In order to distinguish whether the traffic state is abnormal or not, a switching value F for normal and abnormal states is set:

in the formula, y is a key flow ratio of the intersection. Assume that the intersection is at the j phase,

q_iflow of critical traffic, s, for phase i_iIs the saturated flow of the lane. y is_nowAs the current key flow ratio, y_lastThe time interval fair critical flow ratio, obtained for data analysis, with y_lastThe increase of the same ratio over e can be judged as an abnormal state, and e can be set according to the actual intersection condition.

S2, defining an action space;

in single-point signal timing optimization, a complete motion space includes all possible motions of the intersection within a time step, i.e., all possible signal timing schemes. Considering that the convergence speed of the algorithm is influenced by too large motion space, the motion is simplified into the selection of w sets of schemes. The action space is defined as: and a is (a1, a2, … am, …, aw), wherein am is the mth set of signal timing scheme in the motion space. In each scheme, the periods are different; the phase duration in each scheme can be distributed and adjusted according to the flow ratio of the key traffic flow of each phase.

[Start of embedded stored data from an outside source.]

text \<open>The gaps \<open>u - a\<close> between upper bounds \<open>u\<close> and elements \<open>a\<close> of a directed set form a
  downward directed set with infimum \<open>0\<close>; order continuity makes them small in norm.\<close>

lemma order_continuous_directed_gap:
  fixes A :: "'a::{banach, ordered_real_vector, lattice} set"
  assumes bl: "banach_lattice TYPE('a)" and oc: "order_continuous_norm TYPE('a)"
    and ne: "A \<noteq> {}" and dir: "directed A" and bdd: "\<forall>a\<in>A. a \<le> u1" and e: "e > 0"
  shows "\<exists>a\<in>A. \<exists>u. (\<forall>b\<in>A. b \<le> u) \<and> norm (u - a) < e"
proof -
  define U where "U = {u. \<forall>a\<in>A. a \<le> u}"
  define D where "D = {u - a | u a. u \<in> U \<and> a \<in> A}"
  obtain a1 where a1: "a1 \<in> A" using ne by blast
  have D_ne: "D \<noteq> {}" using bdd a1 unfolding D_def U_def by blast
  have D_dir: "\<forall>x\<in>D. \<forall>y\<in>D. \<exists>z\<in>D. z \<le> x \<and> z \<le> y"
  proof (intro ballI)
    fix x y assume "x \<in> D" "y \<in> D"
    then obtain u a u' a' where xy: "x = u - a" "y = u' - a'" "u \<in> U" "a \<in> A" "u' \<in> U" "a' \<in> A"
      unfolding D_def by blast
    obtain c where c: "c \<in> A" "a \<le> c" "a' \<le> c" using dir xy unfolding directed_def by blast
    have "inf u u' \<in> U" using xy unfolding U_def by (auto intro: le_infI)
    then have "inf u u' - c \<in> D" using c unfolding D_def by blast
    moreover have "inf u u' - c \<le> u - a" "inf u u' - c \<le> u' - a'"
      by (intro diff_mono; simp add: c)+
    ultimately show "\<exists>z\<in>D. z \<le> x \<and> z \<le> y" using xy by blast
  qed
  have D_pos: "\<forall>x\<in>D. 0 \<le> x" unfolding D_def U_def by auto
  have D_inf: "\<forall>w. (\<forall>x\<in>D. w \<le> x) \<longrightarrow> w \<le> 0"
    using le_zero_if_le_upper_bound_gaps[OF bl a1 bdd] unfolding D_def U_def by blast
  have "\<forall>e>0. \<exists>x0\<in>D. \<forall>x\<in>D. x \<le> x0 \<longrightarrow> norm x < e"
    using oc D_ne D_dir D_pos D_inf unfolding order_continuous_norm_def by (elim allE[of _ D] impE)
  then obtain x0 where "x0 \<in> D" "norm x0 < e" using e by blast
  then obtain u a where "u \<in> U" "a \<in> A" "norm (u - a) < e" unfolding D_def by blast
  then show ?thesis unfolding U_def by blast
qed

lemma is_sup_if_tendsto_bounds:
  fixes A :: "'a::{banach, ordered_real_vector, lattice} set"
  assumes bl: "banach_lattice TYPE('a)"
    and aA: "\<And>n. a n \<in> A" and ub: "\<And>n b. b \<in> A \<Longrightarrow> b \<le> u n"
    and lim_a: "a \<longlonglongrightarrow> s" and lim_u: "u \<longlonglongrightarrow> s"
  shows "is_sup A s"
  unfolding is_sup_def
proof (intro conjI ballI allI impI)
  fix b assume "b \<in> A"
  then show "b \<le> s"
    using ub by (intro tendsto_le_banach_lattice[OF bl trivial_limit_sequentially tendsto_const lim_u])
      simp
next
  fix v assume "\<forall>b\<in>A. b \<le> v"
  then show "s \<le> v"
    using aA by (intro tendsto_le_banach_lattice[OF bl trivial_limit_sequentially lim_a tendsto_const])
      simp
qed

In order to simplify the algorithm, the action space in the abnormal state and the action space in the normal state are set to be the same, and the action space needs to be simultaneously covered to the timing scheme space in the normal state and the abnormal state; in practical application, the action spaces can be set according to the normal state and the abnormal state respectively, and the action spaces of the normal state and the abnormal state can be set to be different.

S3, a reward function;

the return function can be obtained by calculating the index values of delay time, parking times, queuing length and the like, the index values can be directly obtained through simulation software, and the average delay of vehicles at the intersection is selected as an evaluation index.

Firstly, analyzing and obtaining upper limit values d of different types of delay variation ranges in the time interval of the intersection through a clustering algorithm, wherein as shown in fig. 3, the ordinate is a clustering result type value, the abscissa is an average vehicle delay value, and the unit is s; : "x" on category 0 represents a clustering center point of a normal delay category, and "x" represents an upper limit of a normal delay value on 80% of the quantiles; on the ordinate, "″" represents the cluster center point of the abnormal delay category "x" represents the upper limit of the abnormal delay value in 80% of the divisions "1".

The reward and punishment function is:

in the formula: d_t0For delays before the execution of an action, d_tkIs a delay after the action is performed.

In order to prevent delay mutation and oscillation of a reward and punishment function caused by the fluctuation of traffic, a continuous same action mark b is set, and if the same action is continuously carried out twice, b is 2; if the same action is performed three times continuously, b is 3; and so on, adding 1 to the value of b every time the same continuous action is added; if the continuous operation is interrupted, b is 1.

For different b and r_t(s, a), dif adjustment feedback r_t(s, a), the rule is as follows:

dif＝d_tk-d_t0

when b is 2 and r_tWhen the (s, a) — 1, the selected scheme is selected for the second time, and the action selection strategy of the present invention adopts a greedy algorithm to know that the selected scheme is a relatively excellent set of schemes, perhaps due to the volatility of traffic, resulting in a delay increase. When the delay does not rise much, i.e. dif<k is, r can be corrected_t(s, a) ═ 0; when the rise amplitude of the delay is larger, namely dif is more than or equal to k, r can be kept_t(s, a) ═ 1. The value of k can be set empirically.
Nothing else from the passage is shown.